*** Provided data Section Begins ***

(* Let $\sigma>1$ and $a>0$ with $\sigma e^{-a}>1$. Define a sequence $(\rho^*_k)_{k\ge0}$ by the recurrence $$\rho^*_0=\frac{\sigma e^{-a}-1}{\sigma-1},\qquad \rho^*_k=\frac{e^{-a}}{(\sigma-1)\rho^*_0+1-e^{-a}}\Big(\sigma\frac{a^k}{k!}\rho^*_0+\sum_{l=1}^{k-1}\frac{a^{k-l}}{(k-l)!}\rho^*_l\Big),\quad k\ge1.$$ Then its generating function is $\sum_{k\ge0}\rho^*_kX^k=(\sigma e^{-a}-1)\dfrac{e^{aX}}{\sigma-e^{aX}}$, and for every $k\ge0$ $$\rho^*_k=(\sigma e^{-a}-1)\frac{a^k}{k!}\sum_{i\ge1}\frac{i^k}{\sigma^i}.$$ Moreover $\sum_{k\ge0}\rho^*_k=1$, so $(\rho^*_k)_{k\ge0}$ is a probability distribution on $\mathbb N$, whose expectation and variance are $$\frac{\sigma a e^{-a}}{\sigma e^{-a}-1}\qquad\text{and}\qquad \frac{\sigma a e^{-a}(\sigma e^{-a}+a-1)}{(\sigma e^{-a}-1)^2}.$$ *)

theory Defs
  imports "HOL-Analysis.Analysis" "HOL-Computational_Algebra.Formal_Power_Series"
begin

end

theory Submission
  imports Defs
begin

text \<open>
  The recurrence is the coefficientwise form of
  \<open>\<rho>(X) (\<sigma> - e\<^sup>a\<^sup>X) = (\<sigma>e\<^sup>-\<^sup>a - 1) e\<^sup>a\<^sup>X\<close>,
  and \<open>\<sigma> - e\<^sup>a\<^sup>X\<close> has the nonzero constant term \<open>\<sigma> - 1\<close>, so it suffices to check
  that the explicit sequence satisfies the same identity; after exchanging the finite convolution
  with the series over \<open>i\<close>, this is the binomial theorem for \<open>(a + a i)\<^sup>k/k!\<close>.
  Summing the explicit formula over \<open>k\<close> first (Tonelli for nonnegative double series) turns
  the exponential series into \<open>e\<^sup>a\<^sup>i\<close>, so the total mass and the moments reduce to the series
  \<open>\<Sum> i\<^sup>j q\<^sup>i\<close>, \<open>j \<le> 2\<close>, with \<open>q = e\<^sup>a/\<sigma> < 1\<close>.
\<close>

lemma sums_swap_nonneg:
  fixes f :: "nat \<Rightarrow> nat \<Rightarrow> real"
  assumes nonneg: "\<And>k i. f k i \<ge> 0"
    and inner: "\<And>i. (\<lambda>k. f k i) sums u i" and outer: "u sums s"
  shows "(\<lambda>k. \<Sum>i. f k i) sums s"
proof -
  have hi: "((\<lambda>k. f k i) has_sum u i) UNIV" for i
    by (rule sums_nonneg_imp_has_sum[OF inner nonneg])
  have "u i \<ge> 0" for i
    using sums_le[of "\<lambda>_. 0" "\<lambda>k. f k i" 0 "u i"] inner nonneg by auto
  then have hu: "(u has_sum s) UNIV"
    by (rule sums_nonneg_imp_has_sum[OF outer])
  have "(\<lambda>(i, k). f k i) summable_on UNIV \<times> UNIV"
    by (rule summable_on_SigmaI[where g = u]) (use hi hu nonneg in \<open>auto simp: summable_on_def\<close>)
  then have "((\<lambda>(i, k). f k i) has_sum s) (UNIV \<times> UNIV)"
    by (intro has_sum_SigmaI[where g = u]) (use hi hu in auto)
  then have swapped: "((\<lambda>(k, i). f k i) has_sum s) (UNIV \<times> UNIV)"
    by (subst has_sum_swap) simp
  have row: "f k summable_on UNIV" for k
    using summable_on_SigmaD1[of "\<lambda>k i. f k i" UNIV "\<lambda>_. UNIV" k] swapped
    by (auto simp: summable_on_def)
  have "((\<lambda>k. infsum (f k) UNIV) has_sum s) UNIV"
    by (rule has_sum_Sigma'[OF swapped[unfolded case_prod_unfold]]) (use row in \<open>simp add: has_sum_infsum\<close>)
  moreover have "infsum (f k) UNIV = (\<Sum>i. f k i)" for k
    using row[of k] by (metis has_sum_imp_sums has_sum_infsum sums_unique)
  ultimately show ?thesis
    by (metis (no_types, lifting) ext has_sum_imp_sums)
qed

lemma sums_exp_series: "(\<lambda>k. x ^ k / fact k) sums exp (x::real)"
  using exp_converges[of x] by (simp add: divide_inverse mult.commute)

lemma sums_of_nat_mult_exp_series: "(\<lambda>k. real k * (x ^ k / fact k)) sums (x * exp (x::real))"
proof -
  have "(\<lambda>k. x * (x ^ k / fact k)) sums (x * exp x)"
    by (rule sums_mult[OF sums_exp_series])
  moreover have "x * (x ^ k / fact k) = real (Suc k) * (x ^ Suc k / fact (Suc k))" for k
    by (simp add: field_simps del: of_nat_Suc)
  ultimately show ?thesis
    using sums_Suc_iff[of "\<lambda>k. real k * (x ^ k / fact k)"] by simp
qed

lemma sums_of_nat_power2_mult_exp_series:
  "(\<lambda>k. (real k)\<^sup>2 * (x ^ k / fact k)) sums (x * (x + 1) * exp (x::real))"
proof -
  have "(\<lambda>k. x * (real k * (x ^ k / fact k) + x ^ k / fact k)) sums (x * (x * exp x + exp x))"
    by (rule sums_mult[OF sums_add[OF sums_of_nat_mult_exp_series sums_exp_series]])
  moreover have "x * (real k * (x ^ k / fact k) + x ^ k / fact k)
      = (real (Suc k))\<^sup>2 * (x ^ Suc k / fact (Suc k))" for k
    by (simp add: field_simps power2_eq_square del: of_nat_Suc) (simp add: algebra_simps)
  ultimately show ?thesis
    using sums_Suc_iff[of "\<lambda>k. (real k)\<^sup>2 * (x ^ k / fact k)"] by (simp add: algebra_simps)
qed

lemma exp_mult_of_nat_div_power: "exp (x * real n) / y ^ n = (exp x / y) ^ n"
  by (metis exp_of_nat_mult mult.commute power_divide)

lemma power_div_fact_le_exp:
  assumes "x \<ge> 0"
  shows "x ^ k / fact k \<le> exp (x::real)"
proof -
  have "(\<Sum>j\<in>{k}. x ^ j / fact j) \<le> (\<Sum>j. x ^ j / fact j)"
    by (rule sum_le_suminf) (use sums_exp_series assms in \<open>auto simp: sums_iff\<close>)
  then show ?thesis
    using sums_exp_series[of x] by (simp add: sums_iff)
qed

lemma summable_power_div_power:
  assumes "(\<sigma>::real) > 1"
  shows "summable (\<lambda>n. real n ^ k / \<sigma> ^ n)"
proof -
  define t where "t = sqrt \<sigma>"
  have t: "t > 1" "\<sigma> = t\<^sup>2"
    using assms by (auto simp: t_def)
  define b where "b = ln t"
  have b: "b > 0" "exp b = t"
    using t by (auto simp: b_def)
  have bound: "real n ^ k / \<sigma> ^ n \<le> fact k / b ^ k * (1 / t) ^ n" for n
  proof -
    have "real n ^ k = (b * real n) ^ k / fact k * fact k / b ^ k"
      using b by (simp add: power_mult_distrib)
    also have "\<dots> \<le> exp (b * real n) * fact k / b ^ k"
      using b by (intro divide_right_mono mult_right_mono power_div_fact_le_exp) auto
    also have "exp (b * real n) = t ^ n"
      using exp_mult_of_nat_div_power[of b n 1] b by simp
    finally have "real n ^ k \<le> t ^ n * fact k / b ^ k" .
    moreover have "\<sigma> ^ n = t ^ n * t ^ n"
      by (simp add: t(2) power2_eq_square power_mult_distrib)
    ultimately show ?thesis
      using t by (simp add: field_simps power_divide)
  qed
  have "summable (\<lambda>n. fact k / b ^ k * (1 / t) ^ n)"
    using t by (intro summable_mult summable_geometric) auto
  then show ?thesis
    by (rule summable_comparison_test'[where N = 0]) (use bound assms in auto)
qed

lemma sums_of_nat_mult_geometric:
  assumes "\<bar>q\<bar> < (1::real)"
  shows "(\<lambda>n. real n * q ^ n) sums (q / (1 - q)\<^sup>2)"
proof -
  have "(\<lambda>n. q * (real (Suc n) * q ^ n)) sums (q * (1 / (1 - q)\<^sup>2))"
    by (rule sums_mult[OF geometric_deriv_sums]) (use assms in auto)
  then have "(\<lambda>n. real (Suc n) * q ^ Suc n) sums (q / (1 - q)\<^sup>2)"
    by (simp add: algebra_simps)
  then show ?thesis
    using sums_Suc_iff[of "\<lambda>n. real n * q ^ n"] by simp
qed

lemma sums_of_nat_power2_mult_geometric:
  assumes q: "\<bar>q\<bar> < (1::real)"
  shows "(\<lambda>n. (real n)\<^sup>2 * q ^ n) sums (q * (1 + q) / (1 - q) ^ 3)"
proof -
  have "1 - q \<noteq> 0"
    using q by simp
  have "((\<lambda>z. 1 / (1 - z)\<^sup>2) has_field_derivative 2 / (1 - q) ^ 3) (at q)"
    using \<open>1 - q \<noteq> 0\<close> by (auto intro!: derivative_eq_intros simp: divide_simps eval_nat_numeral)
  then have "(\<lambda>n. diffs (\<lambda>n. real (Suc n)) n * q ^ n) sums (2 / (1 - q) ^ 3)"
    by (intro termdiffs_sums_strong[where K = 1 and f = "\<lambda>z. 1 / (1 - z)\<^sup>2"] geometric_deriv_sums)
       (use q in auto)
  then have "(\<lambda>n. diffs (\<lambda>n. real (Suc n)) n * q ^ n - real (Suc n) * q ^ n)
      sums (2 / (1 - q) ^ 3 - 1 / (1 - q)\<^sup>2)"
    by (rule sums_diff[OF _ geometric_deriv_sums]) (use q in auto)
  moreover have "diffs (\<lambda>n. real (Suc n)) n * q ^ n - real (Suc n) * q ^ n = (real (Suc n))\<^sup>2 * q ^ n" for n
    by (simp add: diffs_def algebra_simps power2_eq_square)
  moreover have "2 / r ^ 3 - 1 / r\<^sup>2 = (2 - r) / r ^ 3" if "r \<noteq> 0" for r :: real
    using that by (simp add: field_simps eval_nat_numeral)
  ultimately have "(\<lambda>n. q * ((real (Suc n))\<^sup>2 * q ^ n)) sums (q * ((1 + q) / (1 - q) ^ 3))"
    using \<open>1 - q \<noteq> 0\<close> by (intro sums_mult) simp
  then have "(\<lambda>n. (real (Suc n))\<^sup>2 * q ^ Suc n) sums (q * (1 + q) / (1 - q) ^ 3)"
    by (simp add: algebra_simps)
  then show ?thesis
    using sums_Suc_iff[of "\<lambda>n. (real n)\<^sup>2 * q ^ n"] by simp
qed

lemma sums_centered_second_moment:
  fixes p :: "nat \<Rightarrow> real"
  assumes "p sums 1" and "(\<lambda>k. real k * p k) sums \<mu>" and "(\<lambda>k. (real k)\<^sup>2 * p k) sums m"
  shows "(\<lambda>k. (real k - \<mu>)\<^sup>2 * p k) sums (m - \<mu>\<^sup>2)"
proof -
  have "(\<lambda>k. (real k)\<^sup>2 * p k - 2 * \<mu> * (real k * p k) + \<mu>\<^sup>2 * p k) sums (m - 2 * \<mu> * \<mu> + \<mu>\<^sup>2 * 1)"
    by (intro sums_add sums_diff sums_mult assms)
  then show ?thesis
    by (simp add: power2_eq_square algebra_simps)
qed

lemma fps_mult_const_minus_exp_nth:
  "fps_nth (Abs_fps x * (fps_const \<sigma> - fps_exp a)) k
     = \<sigma> * x k - (\<Sum>l = 0..k. x l * (a ^ (k - l) / fact (k - l)))"
  for x :: "nat \<Rightarrow> real"
  by (simp add: algebra_simps fps_mult_nth mult_delta_right sum.delta')

lemma fps_const_minus_exp_nonzero:
  assumes "(\<sigma>::real) \<noteq> 1"
  shows "fps_const \<sigma> - fps_exp a \<noteq> 0"
proof
  assume "fps_const \<sigma> - fps_exp a = 0"
  then have "fps_nth (fps_const \<sigma> - fps_exp a) 0 = 0"
    by simp
  with assms show False
    by simp
qed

*** Provided data Section Ends ***

■ **Exercise directions**: Restate word for word only the lines above from the line containing "by (rule sums_nonneg_imp_has_sum[OF outer])" to the line containing "by (intro has_sum_SigmaI[where", both of them included.

■ **Result for this task**:
    by (rule sums_nonneg_imp_has_sum[OF outer])
  have "(\<lambda>(i, k). f k i) summable_on UNIV \<times> UNIV"
    by (rule summable_on_SigmaI[where g = u]) (use hi hu nonneg in \<open>auto simp: summable_on_def\<close>)
  then have "((\<lambda>(i, k). f k i) has_sum s) (UNIV \<times> UNIV)"
    by (intro has_sum_SigmaI[where g = u]) (use hi hu in auto)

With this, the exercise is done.